И вдруг Валя привез бумагу – извещение из Министерства социального обеспечения о том, что ему присуждена наконец персональная пенсия республиканского значения в размере 1200 рублей и что ему надлежит явиться за получением персональной книжки в Горсо.
Известие о пенсии радостно взволновало его. Говорил со мной много на эту тему. Говорил, как хорошо, что дали наконец пенсию, что можно будет спокойно жить, не боясь за завтрашний день. Можно будет, когда восстановится здоровье, спокойно работать. И мне показалось, что, действительно, вот наконец придет покой, мир, радость. Что он отдохнет от всех волнений, спокойно проведет лето в Сестрорецке, что воздух, покой и питание вернут ему наконец утерянное душевное равновесие.

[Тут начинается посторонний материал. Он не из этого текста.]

(* Let $S=(P,L)$ be a finite $(2,t)$-generalized quadrangle and let $(R,\psi)$ be a faithful representation of $S$, with $\psi(x)=\langle r_x\rangle$ and $R_\psi=\{r_x:x\in P\}$. Assume that $(t,|R|)\neq(2,2^4)$. If $x,y\in P$ are distinct and $r_xr_y\in R_\psi$, then $x$ and $y$ are collinear.
   Context: A $(2,t)$-generalized quadrangle is a partial linear space in which every line has exactly $3$ points, every point lies on exactly $t+1$ lines, no point is collinear with all points, and for every point $x$ and line $\ell$ with $x\notin\ell$, $x$ is collinear with exactly one point of $\ell$. A representation $(R,\psi)$ of $S$ is a group $R$ with a map $\psi$ assigning to each point $x$ a subgroup $\psi(x)=\langle r_x\rangle$ of order $2$, such that $R$ is generated by the $r_x$ and, for every line $\{x,y,z\}$, $\{1,r_x,r_y,r_z\}$ is a Klein four subgroup. It is faithful if $\psi$ is injective. *)

theory Defs
  imports "HOL-Algebra.Algebra"
begin

definition collinear :: "'a set set \<Rightarrow> 'a \<Rightarrow> 'a \<Rightarrow> bool" where
  "collinear L x y \<longleftrightarrow> (\<exists>l\<in>L. x \<in> l \<and> y \<in> l)"

definition partial_linear_space :: "'a set \<Rightarrow> 'a set set \<Rightarrow> bool" where
  "partial_linear_space P L \<longleftrightarrow>
     (\<forall>l\<in>L. l \<subseteq> P \<and> card l \<ge> 2) \<and>
     (\<forall>x\<in>P. \<forall>y\<in>P. x \<noteq> y \<longrightarrow> card {l\<in>L. x \<in> l \<and> y \<in> l} \<le> 1)"

definition gq_2t :: "'a set \<Rightarrow> 'a set set \<Rightarrow> nat \<Rightarrow> bool" where
  "gq_2t P L t \<longleftrightarrow>
     partial_linear_space P L \<and>
     (\<forall>l\<in>L. card l = 3) \<and>
     (\<forall>x\<in>P. card {l\<in>L. x \<in> l} = t + 1) \<and>
     (\<forall>x\<in>P. \<exists>y\<in>P. \<not> collinear L x y) \<and>
     (\<forall>x\<in>P. \<forall>l\<in>L. x \<notin> l \<longrightarrow> (\<exists>!y. y \<in> l \<and> collinear L x y))"

definition klein_four_subgroup :: "('g, 'b) monoid_scheme \<Rightarrow> 'g set \<Rightarrow> bool" where
  "klein_four_subgroup R H \<longleftrightarrow>
     subgroup H R \<and> card H = 4 \<and> (\<forall>h\<in>H. h \<otimes>\<^bsub>R\<^esub> h = \<one>\<^bsub>R\<^esub>)"

text \<open>A representation: psi x = subgroup generated by r x, of order 2.\<close>
definition representation ::
  "'a set \<Rightarrow> 'a set set \<Rightarrow> ('g, 'b) monoid_scheme \<Rightarrow> ('a \<Rightarrow> 'g) \<Rightarrow> bool" where
  "representation P L R r \<longleftrightarrow>
     group R \<and>
     (\<forall>x\<in>P. r x \<in> carrier R \<and> group.ord R (r x) = 2) \<and>
     generate R (r ` P) = carrier R \<and>
     (\<forall>l\<in>L. \<forall>x y z. l = {x, y, z} \<longrightarrow>
        klein_four_subgroup R {\<one>\<^bsub>R\<^esub>, r x, r y, r z})"

definition faithful_representation ::
  "'a set \<Rightarrow> 'a set set \<Rightarrow> ('g, 'b) monoid_scheme \<Rightarrow> ('a \<Rightarrow> 'g) \<Rightarrow> bool" where
  "faithful_representation P L R r \<longleftrightarrow>
     representation P L R r \<and> inj_on (\<lambda>x. generate R {r x}) P"

end

theory Submission
  imports Defs
begin

(* Suppose x and y are not collinear and r x * r y = r z. The generalized quadrangle axiom
   forces every point collinear with both x and y to be collinear with z as well. With this
   one shows that r a * r b stays in the image of r when b moves along a line avoiding the
   points collinear with a; since the points not collinear with a fixed point form a connected
   graph, r a * r b lies in the image of r for all non-collinear a, b. Hence the image of r
   together with 1 is closed under multiplication, so it is all of R and |R| = |P| + 1 = 6t + 4,
   while 1 together with the image of the points collinear with x is a subgroup of order 2t + 4.
   By Lagrange 2t + 4 divides 6t + 4, hence divides 8, which forces t = 2 and |R| = 16. *)

lemma card_double_counting:
  assumes "finite S" "finite T"
    and "\<And>i. i \<in> S \<Longrightarrow> card {j\<in>T. R i j} = m"
    and "\<And>j. j \<in> T \<Longrightarrow> card {i\<in>S. R i j} = k"
  shows "m * card S = k * card T"
proof -
  have "(\<Sum>i\<in>S. card {j\<in>T. R i j}) = k * card T"
    using sum_multicount[OF assms(1,2)] assms(4) by blast
  then show ?thesis
    using assms(3) by (simp add: mult.commute)
qed

lemma eq_2_if_dvd_6n_plus_4:
  fixes n :: nat
  assumes "0 < n" "2 * n + 4 dvd 6 * n + 4"
  shows "n = 2"
proof -
  have "2 * n + 4 dvd (6 * n + 4) + 8"
    using dvd_triv_right[of "2 * n + 4" 3] by (simp add: algebra_simps)
  then have dvd8: "2 * n + 4 dvd 8"
    using dvd_add_right_iff[OF assms(2)] by blast
  then have "n \<le> 2"
    using dvd_imp_le[OF dvd8] by simp
  moreover have "n \<noteq> 1"
    using dvd8 by auto
  ultimately show ?thesis
    using assms(1) by linarith
qed

lemma (in group) involution_cancel_left:
  "a \<in> carrier G \<Longrightarrow> b \<in> carrier G \<Longrightarrow> a \<otimes> a = \<one> \<Longrightarrow> a \<otimes> (a \<otimes> b) = b"
  by (simp add: m_assoc[symmetric])

lemma (in group) involution_cancel_middle:
  "a \<in> carrier G \<Longrightarrow> b \<in> carrier G \<Longrightarrow> p \<in> carrier G \<Longrightarrow> p \<otimes> p = \<one> \<Longrightarrow>
    (a \<otimes> p) \<otimes> (p \<otimes> b) = a \<otimes> b"
  by (simp add: m_assoc[symmetric]) (simp add: m_assoc)

lemma (in group) involutions_commute:
  assumes "a \<in> carrier G" "b \<in> carrier G"
    and "a \<otimes> a = \<one>" "b \<otimes> b = \<one>" "(a \<otimes> b) \<otimes> (a \<otimes> b) = \<one>"
  shows "b \<otimes> a = a \<otimes> b"
proof -
  have "inv a = a" "inv b = b"
    using assms by (simp_all add: inv_equality)
  have "b \<otimes> a = inv (a \<otimes> b)"
    using assms \<open>inv a = a\<close> \<open>inv b = b\<close> by (simp add: inv_mult_group)
  also have "\<dots> = a \<otimes> b"
    using assms by (intro inv_equality) simp_all
  finally show ?thesis .
qed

На второй или третий день после получения извещения о пенсии Валерий привез ему бумажку из сберкассы – предложение явиться за получением пенсии по такому‑то адресу, «имея при себе паспорт, пенсионную книжку», и – приписка карандашом в конце – «справку от домоуправления о заработке за март месяц».
Когда Валя подал ему это злосчастное извещение и он, разорвав конверт и прочитав записку, ничего не сказал мне, у меня почему‑то вдруг упало сердце. Какое‑то темное предчувствие закралось в душу.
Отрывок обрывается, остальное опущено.